- WHAT YOU WILL DO -
Exact copies of all the records are to be printed.

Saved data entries
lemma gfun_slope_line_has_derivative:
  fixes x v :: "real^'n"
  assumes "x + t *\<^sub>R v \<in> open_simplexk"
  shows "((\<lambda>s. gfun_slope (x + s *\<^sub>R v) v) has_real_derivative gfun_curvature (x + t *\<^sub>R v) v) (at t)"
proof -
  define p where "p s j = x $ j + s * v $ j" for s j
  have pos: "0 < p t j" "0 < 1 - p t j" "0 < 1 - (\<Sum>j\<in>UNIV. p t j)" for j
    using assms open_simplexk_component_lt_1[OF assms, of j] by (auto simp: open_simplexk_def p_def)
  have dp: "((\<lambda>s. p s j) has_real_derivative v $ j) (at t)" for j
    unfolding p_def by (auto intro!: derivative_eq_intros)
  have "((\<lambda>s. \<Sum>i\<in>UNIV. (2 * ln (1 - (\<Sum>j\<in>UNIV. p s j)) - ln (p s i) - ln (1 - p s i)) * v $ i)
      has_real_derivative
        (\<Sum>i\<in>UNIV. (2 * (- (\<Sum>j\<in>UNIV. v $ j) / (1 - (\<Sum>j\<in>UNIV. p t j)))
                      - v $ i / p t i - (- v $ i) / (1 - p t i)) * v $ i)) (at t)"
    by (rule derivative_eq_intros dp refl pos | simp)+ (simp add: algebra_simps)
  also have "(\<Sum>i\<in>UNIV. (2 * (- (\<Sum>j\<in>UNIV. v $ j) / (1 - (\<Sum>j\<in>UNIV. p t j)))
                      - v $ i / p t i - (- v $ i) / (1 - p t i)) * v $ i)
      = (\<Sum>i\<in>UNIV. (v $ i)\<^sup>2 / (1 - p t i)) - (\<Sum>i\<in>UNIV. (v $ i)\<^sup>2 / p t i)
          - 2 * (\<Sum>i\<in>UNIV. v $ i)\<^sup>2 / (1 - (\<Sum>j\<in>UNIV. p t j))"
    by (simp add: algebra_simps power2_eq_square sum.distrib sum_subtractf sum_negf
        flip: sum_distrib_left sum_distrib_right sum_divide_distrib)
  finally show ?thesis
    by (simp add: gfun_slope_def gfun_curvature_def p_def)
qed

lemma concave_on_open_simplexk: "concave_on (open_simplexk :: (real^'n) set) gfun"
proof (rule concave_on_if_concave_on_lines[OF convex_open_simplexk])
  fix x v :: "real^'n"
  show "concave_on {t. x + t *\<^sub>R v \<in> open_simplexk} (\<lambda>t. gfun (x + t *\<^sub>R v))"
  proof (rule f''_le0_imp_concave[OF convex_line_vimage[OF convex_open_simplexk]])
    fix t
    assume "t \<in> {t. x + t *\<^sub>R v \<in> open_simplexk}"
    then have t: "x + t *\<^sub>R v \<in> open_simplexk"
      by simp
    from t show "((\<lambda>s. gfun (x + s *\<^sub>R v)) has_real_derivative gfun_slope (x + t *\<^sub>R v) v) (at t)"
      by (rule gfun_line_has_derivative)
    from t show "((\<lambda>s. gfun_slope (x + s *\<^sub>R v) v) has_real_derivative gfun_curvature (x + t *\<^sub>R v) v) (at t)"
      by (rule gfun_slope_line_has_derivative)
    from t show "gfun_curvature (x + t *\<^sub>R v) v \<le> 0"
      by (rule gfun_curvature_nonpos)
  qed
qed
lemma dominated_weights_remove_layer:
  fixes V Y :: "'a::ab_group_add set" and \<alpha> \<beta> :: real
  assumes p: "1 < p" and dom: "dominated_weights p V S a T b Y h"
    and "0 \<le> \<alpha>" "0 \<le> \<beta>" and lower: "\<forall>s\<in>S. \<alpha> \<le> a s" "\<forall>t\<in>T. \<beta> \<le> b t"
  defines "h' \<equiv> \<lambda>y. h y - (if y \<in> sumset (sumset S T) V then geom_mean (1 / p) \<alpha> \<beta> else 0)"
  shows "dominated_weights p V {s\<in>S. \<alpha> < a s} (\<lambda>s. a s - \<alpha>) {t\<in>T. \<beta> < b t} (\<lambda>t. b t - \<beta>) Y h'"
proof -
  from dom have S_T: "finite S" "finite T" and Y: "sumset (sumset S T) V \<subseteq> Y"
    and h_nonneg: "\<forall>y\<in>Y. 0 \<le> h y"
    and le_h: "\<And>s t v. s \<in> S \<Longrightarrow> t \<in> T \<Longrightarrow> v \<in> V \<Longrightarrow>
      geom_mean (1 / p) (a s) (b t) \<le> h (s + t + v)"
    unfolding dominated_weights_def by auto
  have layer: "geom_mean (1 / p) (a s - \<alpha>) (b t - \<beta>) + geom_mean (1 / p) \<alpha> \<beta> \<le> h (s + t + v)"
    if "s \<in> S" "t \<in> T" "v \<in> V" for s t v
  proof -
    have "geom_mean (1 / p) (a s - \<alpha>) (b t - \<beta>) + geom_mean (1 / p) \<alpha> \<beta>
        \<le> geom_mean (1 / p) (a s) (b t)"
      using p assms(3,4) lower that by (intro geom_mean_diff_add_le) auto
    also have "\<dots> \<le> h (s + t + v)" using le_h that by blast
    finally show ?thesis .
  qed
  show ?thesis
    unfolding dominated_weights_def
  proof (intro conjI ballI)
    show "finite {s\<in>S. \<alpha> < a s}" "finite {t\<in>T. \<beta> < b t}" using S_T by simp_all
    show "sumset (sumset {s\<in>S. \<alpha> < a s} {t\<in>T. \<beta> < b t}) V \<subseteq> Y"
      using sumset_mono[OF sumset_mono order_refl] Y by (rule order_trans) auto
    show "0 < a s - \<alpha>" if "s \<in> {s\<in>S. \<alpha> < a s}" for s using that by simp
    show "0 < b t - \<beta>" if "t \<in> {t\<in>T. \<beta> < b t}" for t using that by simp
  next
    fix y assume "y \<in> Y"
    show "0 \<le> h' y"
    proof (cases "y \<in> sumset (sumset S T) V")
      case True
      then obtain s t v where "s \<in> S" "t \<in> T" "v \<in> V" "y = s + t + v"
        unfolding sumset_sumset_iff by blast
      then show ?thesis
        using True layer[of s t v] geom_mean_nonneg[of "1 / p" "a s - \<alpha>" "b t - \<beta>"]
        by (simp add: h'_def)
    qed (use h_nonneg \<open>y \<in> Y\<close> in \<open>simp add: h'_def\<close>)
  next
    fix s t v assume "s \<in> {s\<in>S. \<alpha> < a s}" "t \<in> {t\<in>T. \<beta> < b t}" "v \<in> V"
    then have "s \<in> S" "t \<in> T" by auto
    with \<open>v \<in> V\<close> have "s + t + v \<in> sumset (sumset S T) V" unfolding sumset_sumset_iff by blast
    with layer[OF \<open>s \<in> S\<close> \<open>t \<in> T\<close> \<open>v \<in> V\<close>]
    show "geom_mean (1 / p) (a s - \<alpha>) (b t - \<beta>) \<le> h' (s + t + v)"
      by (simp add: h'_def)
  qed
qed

- EXERCISE OUTPUT -
lemma gfun_slope_line_has_derivative:
  fixes x v :: "real^'n"
  assumes "x + t *\<^sub>R v \<in> open_simplexk"
  shows "((\<lambda>s. gfun_slope (x + s *\<^sub>R v) v) has_real_derivative gfun_curvature (x + t *\<^sub>R v) v) (at t)"
proof -
  define p where "p s j = x $ j + s * v $ j" for s j
  have pos: "0 < p t j" "0 < 1 - p t j" "0 < 1 - (\<Sum>j\<in>UNIV. p t j)" for j
    using assms open_simplexk_component_lt_1[OF assms, of j] by (auto simp: open_simplexk_def p_def)
  have dp: "((\<lambda>s. p s j) has_real_derivative v $ j) (at t)" for j
    unfolding p_def by (auto intro!: derivative_eq_intros)
  have "((\<lambda>s. \<Sum>i\<in>UNIV. (2 * ln (1 - (\<Sum>j\<in>UNIV. p s j)) - ln (p s i) - ln (1 - p s i)) * v $ i)
      has_real_derivative
        (\<Sum>i\<in>UNIV. (2 * (- (\<Sum>j\<in>UNIV. v $ j) / (1 - (\<Sum>j\<in>UNIV. p t j)))
                      - v $ i / p t i - (- v $ i) / (1 - p t i)) * v $ i)) (at t)"
    by (rule derivative_eq_intros dp refl pos | simp)+ (simp add: algebra_simps)
  also have "(\<Sum>i\<in>UNIV. (2 * (- (\<Sum>j\<in>UNIV. v $ j) / (1 - (\<Sum>j\<in>UNIV. p t j)))
                      - v $ i / p t i - (- v $ i) / (1 - p t i)) * v $ i)
      = (\<Sum>i\<in>UNIV. (v $ i)\<^sup>2 / (1 - p t i)) - (\<Sum>i\<in>UNIV. (v $ i)\<^sup>2 / p t i)
          - 2 * (\<Sum>i\<in>UNIV. v $ i)\<^sup>2 / (1 - (\<Sum>j\<in>UNIV. p t j))"
    by (simp add: algebra_simps power2_eq_square sum.distrib sum_subtractf sum_negf
        flip: sum_distrib_left sum_distrib_right sum_divide_distrib)
  finally show ?thesis
    by (simp add: gfun_slope_def gfun_curvature_def p_def)
qed

lemma concave_on_open_simplexk: "concave_on (open_simplexk :: (real^'n) set) gfun"
proof (rule concave_on_if_concave_on_lines[OF convex_open_simplexk])
  fix x v :: "real^'n"
  show "concave_on {t. x + t *\<^sub>R v \<in> open_simplexk} (\<lambda>t. gfun (x + t *\<^sub>R v))"
  proof (rule f''_le0_imp_concave[OF convex_line_vimage[OF convex_open_simplexk]])
    fix t
    assume "t \<in> {t. x + t *\<^sub>R v \<in> open_simplexk}"
    then have t: "x + t *\<^sub>R v \<in> open_simplexk"
      by simp
    from t show "((\<lambda>s. gfun (x + s *\<^sub>R v)) has_real_derivative gfun_slope (x + t *\<^sub>R v) v) (at t)"
      by (rule gfun_line_has_derivative)
    from t show "((\<lambda>s. gfun_slope (x + s *\<^sub>R v) v) has_real_derivative gfun_curvature (x + t *\<^sub>R v) v) (at t)"
      by (rule gfun_slope_line_has_derivative)
    from t show "gfun_curvature (x + t *\<^sub>R v) v \<le> 0"
      by (rule gfun_curvature_nonpos)
  qed
qed
lemma dominated_weights_remove_layer:
  fixes V Y :: "'a::ab_group_add set" and \<alpha> \<beta> :: real
  assumes p: "1 < p" and dom: "dominated_weights p V S a T b Y h"
    and "0 \<le> \<alpha>" "0 \<le> \<beta>" and lower: "\<forall>s\<in>S. \<alpha> \<le> a s" "\<forall>t\<in>T. \<beta> \<le> b t"
  defines "h' \<equiv> \<lambda>y. h y - (if y \<in> sumset (sumset S T) V then geom_mean (1 / p) \<alpha> \<beta> else 0)"
  shows "dominated_weights p V {s\<in>S. \<alpha> < a s} (\<lambda>s. a s - \<alpha>) {t\<in>T. \<beta> < b t} (\<lambda>t. b t - \<beta>) Y h'"
proof -
  from dom have S_T: "finite S" "finite T" and Y: "sumset (sumset S T) V \<subseteq> Y"
    and h_nonneg: "\<forall>y\<in>Y. 0 \<le> h y"
    and le_h: "\<And>s t v. s \<in> S \<Longrightarrow> t \<in> T \<Longrightarrow> v \<in> V \<Longrightarrow>
      geom_mean (1 / p) (a s) (b t) \<le> h (s + t + v)"
    unfolding dominated_weights_def by auto
  have layer: "geom_mean (1 / p) (a s - \<alpha>) (b t - \<beta>) + geom_mean (1 / p) \<alpha> \<beta> \<le> h (s + t + v)"
    if "s \<in> S" "t \<in> T" "v \<in> V" for s t v
  proof -
    have "geom_mean (1 / p) (a s - \<alpha>) (b t - \<beta>) + geom_mean (1 / p) \<alpha> \<beta>
        \<le> geom_mean (1 / p) (a s) (b t)"
      using p assms(3,4) lower that by (intro geom_mean_diff_add_le) auto
    also have "\<dots> \<le> h (s + t + v)" using le_h that by blast
    finally show ?thesis .
  qed
  show ?thesis
    unfolding dominated_weights_def
  proof (intro conjI ballI)
    show "finite {s\<in>S. \<alpha> < a s}" "finite {t\<in>T. \<beta> < b t}" using S_T by simp_all
    show "sumset (sumset {s\<in>S. \<alpha> < a s} {t\<in>T. \<beta> < b t}) V \<subseteq> Y"
      using sumset_mono[OF sumset_mono order_refl] Y by (rule order_trans) auto
    show "0 < a s - \<alpha>" if "s \<in> {s\<in>S. \<alpha> < a s}" for s using that by simp
    show "0 < b t - \<beta>" if "t \<in> {t\<in>T. \<beta> < b t}" for t using that by simp
  next
    fix y assume "y \<in> Y"
    show "0 \<le> h' y"
    proof (cases "y \<in> sumset (sumset S T) V")
      case True
      then obtain s t v where "s \<in> S" "t \<in> T" "v \<in> V" "y = s + t + v"
        unfolding sumset_sumset_iff by blast
      then show ?thesis
        using True layer[of s t v] geom_mean_nonneg[of "1 / p" "a s - \<alpha>" "b t - \<beta>"]
        by (simp add: h'_def)
    qed (use h_nonneg \<open>y \<in> Y\<close> in \<open>simp add: h'_def\<close>)
  next
    fix s t v assume "s \<in> {s\<in>S. \<alpha> < a s}" "t \<in> {t\<in>T. \<beta> < b t}" "v \<in> V"
    then have "s \<in> S" "t \<in> T" by auto
    with \<open>v \<in> V\<close> have "s + t + v \<in> sumset (sumset S T) V" unfolding sumset_sumset_iff by blast
    with layer[OF \<open>s \<in> S\<close> \<open>t \<in> T\<close> \<open>v \<in> V\<close>]
    show "geom_mean (1 / p) (a s - \<alpha>) (b t - \<beta>) \<le> h' (s + t + v)"
      by (simp add: h'_def)
  qed
qed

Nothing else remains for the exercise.